The show features Aquinas Learning, a “classical education mentoring program” for students in pre-K to grade 12, as an example of “hybrid” programs that provide students a classroom experience while also providing a curriculum for families to follow at home.

This type of homeschooling is growing, because “homeschooling parents want to make sure their children are able to benefit from every educational opportunity,” William Estrada, an attorney with the Home School Legal Defense Association, told Campbell.

Aquinas Learning was designed by Rosario Reilly, the wife of Cardinal Newman Society President Patrick Reilly, with other Catholic homeschooling parents in 2009.  EWTN reports their goal was to create a “classical Catholic education with all of the advantages of homeschooling.”

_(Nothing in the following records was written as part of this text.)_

(* Let $\alpha\in(0,1)$ and suppose: $\mathcal{S}_0$ is a VC-major class of measurable functions $\mathcal{X}^2\to[0,1]$ of finite VC dimension; there is $\kappa\in(0,1)$ with $\kappa\le p\le1-\kappa$ where $p=\sum_{k=1}^Kp_k^2$; there exist $c$ and $a\in[0,1]$ such that almost surely $\mathbb{E}_{X'}\big[|\eta(X,X')-Q^*_\alpha|^{-a}\big]\le c$; and $S^*\in\mathcal{S}_0$, where $S^*(x,x')=\mathbb{I}\{\eta(x,x')\ge Q^*_\alpha\}$. For $S\in\mathcal{S}_0$ define $$Q_S((x,y),(x',y'))=\mathbb{I}\{y=y'\}\big(S(x,x')-S^*(x,x')\big)-\mathbb{E}\big[\mathbb{I}\{Y=Y'\}(S(X,X')-S^*(X,X'))\big],$$ and $q_S(x,y)=\mathbb{E}[Q_S((X,Y),(x,y))]$. Then for any $S\in\mathcal{S}_0$, $$\mathrm{Var}(q_S(X,Y))\le c\Big[(1-Q^*_\alpha)\,p\,\big(R^+(S^* )-R^+(S)\big)+(1-p)\,Q^*_\alpha\big(R^-(S)-R^-(S^* )\big)\Big]^a.$$
   Context: $(X,Y)$ is a random pair with $X\in\mathcal{X}\subset\mathbb{R}^d$, $Y\in\{1,\dots,K\}$, $p_k=\mathbb{P}\{Y=k\}>0$, $\eta_k(x)=\mathbb{P}\{Y=k\mid X=x\}$; $(X',Y')$ is an independent copy, $Z=2\mathbb{I}\{Y=Y'\}-1$, $\eta(x,x')=\sum_k\eta_k(x)\eta_k(x')$. Assume the conditional cdf of $\eta(X,X')$ given $Z=-1$ is invertible, and let $Q^*_\alpha$ be its quantile at level $1-\alpha$. $R^+(S)=\mathbb{E}[S(X,X')\mid Z=+1]$, $R^-(S)=\mathbb{E}[S(X,X')\mid Z=-1]$. $\mathbb{E}_{X'}$ denotes expectation with respect to $X'$ only. A class is VC-major if its family of strict superlevel sets is a VC class. *)

theory Defs
  imports "HOL-Probability.Probability"
begin

definition shatters :: "'b set set \<Rightarrow> 'b set \<Rightarrow> bool" where
  "shatters C A \<longleftrightarrow> (\<forall>B\<subseteq>A. \<exists>U\<in>C. U \<inter> A = B)"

Mrs. Reilly told EWTN that it’s a “family friendly” curriculum, because it’s designed for students in the elementary grades to be covering the same topics at the same time.  This is helpful for families to “be on the same page,” Reilly explains, and to plan topic-appropriate field trips and books to read aloud together.  The curriculum emphasizes the humanities and the mastery of writing, rhetoric, Latin, logic and catechesis.

Families involved in Aquinas Learning spend four days of the week homeschooling and one day of the week meeting as a group for grade-specific classes and the opportunity to grow in friendship.  The adults who lead the weekly classes are called “mentors,” reserving the name “teacher” for parents—the students’ primary educators, according to EWTN.

Aquinas Learning, which currently has four centers with 220 students, reflects the nationwide growth in homeschooling.  Several more Aquinas centers are expected to launch in the next couple years.

Estrada noted that the two top reasons that parents decide to homeschool is to provide “moral and religious instruction for their children” and because they have “concern about the educational environments in public schools.”

He also told Campbell that homeschooling parents are able to tailor the education to fit the needs of their individual child—and so homeschooling is “successful academically.”